• **Task**: Restate word for word the lines of the entries below, starting with the line that holds "using s nbrs_D32(2)[OF" and ending with the line that holds "using extra(3)[OF y u(1) m(1)]", and no others.

---+---

text \<open>If \<open>y\<^sub>1 \<noteq> y\<^sub>2\<close> had the same neighbours in \<open>\<Gamma> x\<close>, two of them would share \<open>x\<close>, \<open>y\<^sub>2\<close> and all
  but two vertices of \<open>closer_nbrs x u\<close> for some \<open>u\<close> adjacent to \<open>y\<^sub>1\<close>.\<close>

lemma inj_on_closer_nbrs_D23: "inj_on (closer_nbrs x) D23"
proof (rule inj_onI, rule ccontr)
  fix y1 y2 assume y: "y1 \<in> D23" "y2 \<in> D23" and eq: "closer_nbrs x y1 = closer_nbrs x y2"
    and ne: "y1 \<noteq> y2"
  have "closer_nbrs z y1 \<noteq> {}" using nbrs_D23(2)[OF y(1)] by auto
  then obtain u where u: "u \<in> closer_nbrs z y1" by blast
  have u3: "u \<in> D32" using closer_nbrs_z_D23D(1)[OF y(1) u] .
  have "2 \<le> card (closer_nbrs x y1)" using nbrs_D23(1)[OF y(1)] mu_ge_2 by simp
  then obtain m1 m2 where m: "m1 \<in> closer_nbrs x y1" "m2 \<in> closer_nbrs x y1" "m1 \<noteq> m2"
    by (rule card_ge_2E)
  define s1 s2 where "s1 = missed u m1" and "s2 = missed u m2"
  have s: "s1 \<in> closer_nbrs x u" "s2 \<in> closer_nbrs x u" "s1 \<noteq> s2"
    using missed_mem(1)[OF y(1) u] inj_onD[OF inj_on_missed[OF y(1) u]] m
      by (auto simp: s1_def s2_def)
  have y2_nbrs: "E m1 y2" "E m2 y2" using m eq closer_nbrs_x_D23[OF y(2)] adj_sym by auto
  have "y2 \<notin> closer_nbrs x u"
    using exists_non_adj_closer_nbr[OF y(1) u _ ne[symmetric]] y2_nbrs eq adj_sym
      closer_nbrs_x_D23[OF y(2)] by fastforce
  have "x \<notin> closer_nbrs x u" using u3 x_in_V by (simp add: in_layer_iff)
  have "x \<noteq> y2" using y(2) x_in_V by (auto simp: in_layer_iff)
  have "closer_nbrs x u - {s1, s2} \<subseteq> \<Gamma> m1 \<inter> \<Gamma> m2"
  proof
    fix t assume "t \<in> closer_nbrs x u - {s1, s2}"
    then show "t \<in> \<Gamma> m1 \<inter> \<Gamma> m2"
      using adj_if_not_missed[OF y(1) u m(1), of t] adj_if_not_missed[OF y(1) u m(2), of t]
      by (auto simp: s1_def s2_def)
  qed
  moreover have "x \<in> \<Gamma> m1 \<inter> \<Gamma> m2" using m closer_nbrs_x_D23[OF y(1)] adj_sym by auto
  ultimately have sub: "insert x (insert y2 (closer_nbrs x u - {s1, s2})) \<subseteq> \<Gamma> m1 \<inter> \<Gamma> m2"
    using y2_nbrs by simp
  have "card (closer_nbrs x u - {s1, s2}) = mu - 1"
    using s nbrs_D32(2)[OF u3] by (simp add: card_Diff_subset)
  then have "card (insert x (insert y2 (closer_nbrs x u - {s1, s2}))) = mu + 1"
    using \<open>y2 \<notin> closer_nbrs x u\<close> \<open>x \<notin> closer_nbrs x u\<close> \<open>x \<noteq> y2\<close> mu_ge_2
    by (simp del: in_closer_nbrs_iff)
  moreover have "m1 \<in> V" "m2 \<in> V" using m closer_nbr_in_V by blast+
  ultimately show False using eq_if_common_nbrs_gt_mu[OF _ _ sub] m(3) by simp
qed

lemma inj_on_extra:
  assumes y: "y \<in> D23" shows "inj_on (\<lambda>u. extra u y) (closer_nbrs z y)"
proof (rule inj_onI, rule ccontr)
  fix u1 u2 assume u: "u1 \<in> closer_nbrs z y" "u2 \<in> closer_nbrs z y"
    and eq: "extra u1 y = extra u2 y" and ne: "u1 \<noteq> u2"
  have "closer_nbrs x u1 \<subseteq> \<Gamma> u1 \<inter> \<Gamma> u2"
  proof
    fix t assume t: "t \<in> closer_nbrs x u1"
    have "E u2 t"
    proof (cases "t = y")
      case True
      then show ?thesis using u(2) adj_sym by simp
    next
      case False
      then have "t \<in> missed u1 ` closer_nbrs x y" using missed_image[OF y u(1)] t by blast
      then obtain m where m: "m \<in> closer_nbrs x y" "t = missed u1 m" by blast
      have "closer_nbrs x t = closer_nbrs x (missed u2 m)"
        using extra(3)[OF y u(1) m(1)] extra(3)[OF y u(2) m(1)] eq m(2) by simp
      then have "t = missed u2 m"
        using inj_onD[OF inj_on_closer_nbrs_D23] missed_D23[OF y u(1) m(1)] missed_D23[OF y u(2)
          m(1)] m(2)
        by blast
      then show ?thesis using missed_mem(1)[OF y u(2) m(1)] by simp
    qed
    then show "t \<in> \<Gamma> u1 \<inter> \<Gamma> u2" using t by simp
  qed
  moreover have "mu < card (closer_nbrs x u1)" using nbrs_D32(2) closer_nbrs_z_D23D(1)[OF y u(1)]
    by simp
  moreover have "u1 \<in> V" "u2 \<in> V" using u closer_nbr_in_V by blast+
  ultimately show False using eq_if_common_nbrs_gt_mu ne by blast
qed

lemma extra_image:
  assumes y: "y \<in> D23" shows "(\<lambda>u. extra u y) ` closer_nbrs z y = \<Gamma> x - closer_nbrs x y"
proof (rule card_seteq)
  show "(\<lambda>u. extra u y) ` closer_nbrs z y \<subseteq> \<Gamma> x - closer_nbrs x y"
    using extra(1,2)[OF y] by auto
  have "closer_nbrs x y \<subseteq> \<Gamma> x" using closer_nbrs_x_D23[OF y] by blast
  then have "card (\<Gamma> x - closer_nbrs x y) = mu + 1"
    using card_Diff_subset[of "closer_nbrs x y" "\<Gamma> x"] regular[OF x_in_V] nbrs_D23(1)[OF y] k_eq
    by simp
  then show "card (\<Gamma> x - closer_nbrs x y) \<le> card ((\<lambda>u. extra u y) ` closer_nbrs z y)"
    using card_image[OF inj_on_extra[OF y]] nbrs_D23(2)[OF y] by simp
qed simp

lemma nbr_x_in_closer_nbrs_D23:
  assumes w: "E x w" obtains y where "y \<in> D23" "w \<in> closer_nbrs x y"
proof -
  obtain y where y: "y \<in> D23" by (rule D23_nonempty)
  show thesis
  proof (cases "w \<in> closer_nbrs x y")
    case False
    then have "w \<in> \<Gamma> x - closer_nbrs x y" using w by simp
    then obtain u where u: "u \<in> closer_nbrs z y" "w = extra u y" using extra_image[OF y] by blast
    have "closer_nbrs x y \<noteq> {}" using nbrs_D23(1)[OF y] mu_ge_2 by auto
    then obtain m where m: "m \<in> closer_nbrs x y" by blast
    have "w \<in> closer_nbrs x (missed u m)" using extra(3)[OF y u(1) m] u(2) by simp
    then show thesis using that missed_D23[OF y u(1) m] by blast
  qed (use that y in blast)
qed

lemma dist_nbr_x_z: assumes "E x w" shows "d w z = 4"
proof -
  obtain y where y: "y \<in> D23" "w \<in> closer_nbrs x y" using nbr_x_in_closer_nbrs_D23[OF assms] .
  have wV: "w \<in> V" using adj_in_V(2)[OF assms] .
  have "d z w \<le> Suc (d z y)" using gdist_adj_le[OF z_in_V] y(2) by simp
  moreover have "d z y = 3" using y(1) gdist_sym[of y z] by (simp add: in_layer_iff)
  moreover have "5 \<le> d x w + d w z" using dist_sum_ge_5[OF wV] .
  ultimately show ?thesis using gdist_adj[OF assms] gdist_sym[of z w] by simp
qed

---+---

• **Your response**:
    using s nbrs_D32(2)[OF u3] by (simp add: card_Diff_subset)
  then have "card (insert x (insert y2 (closer_nbrs x u - {s1, s2}))) = mu + 1"
    using \<open>y2 \<notin> closer_nbrs x u\<close> \<open>x \<notin> closer_nbrs x u\<close> \<open>x \<noteq> y2\<close> mu_ge_2
    by (simp del: in_closer_nbrs_iff)
  moreover have "m1 \<in> V" "m2 \<in> V" using m closer_nbr_in_V by blast+
  ultimately show False using eq_if_common_nbrs_gt_mu[OF _ _ sub] m(3) by simp
qed

lemma inj_on_extra:
  assumes y: "y \<in> D23" shows "inj_on (\<lambda>u. extra u y) (closer_nbrs z y)"
proof (rule inj_onI, rule ccontr)
  fix u1 u2 assume u: "u1 \<in> closer_nbrs z y" "u2 \<in> closer_nbrs z y"
    and eq: "extra u1 y = extra u2 y" and ne: "u1 \<noteq> u2"
  have "closer_nbrs x u1 \<subseteq> \<Gamma> u1 \<inter> \<Gamma> u2"
  proof
    fix t assume t: "t \<in> closer_nbrs x u1"
    have "E u2 t"
    proof (cases "t = y")
      case True
      then show ?thesis using u(2) adj_sym by simp
    next
      case False
      then have "t \<in> missed u1 ` closer_nbrs x y" using missed_image[OF y u(1)] t by blast
      then obtain m where m: "m \<in> closer_nbrs x y" "t = missed u1 m" by blast
      have "closer_nbrs x t = closer_nbrs x (missed u2 m)"
        using extra(3)[OF y u(1) m(1)] extra(3)[OF y u(2) m(1)] eq m(2) by simp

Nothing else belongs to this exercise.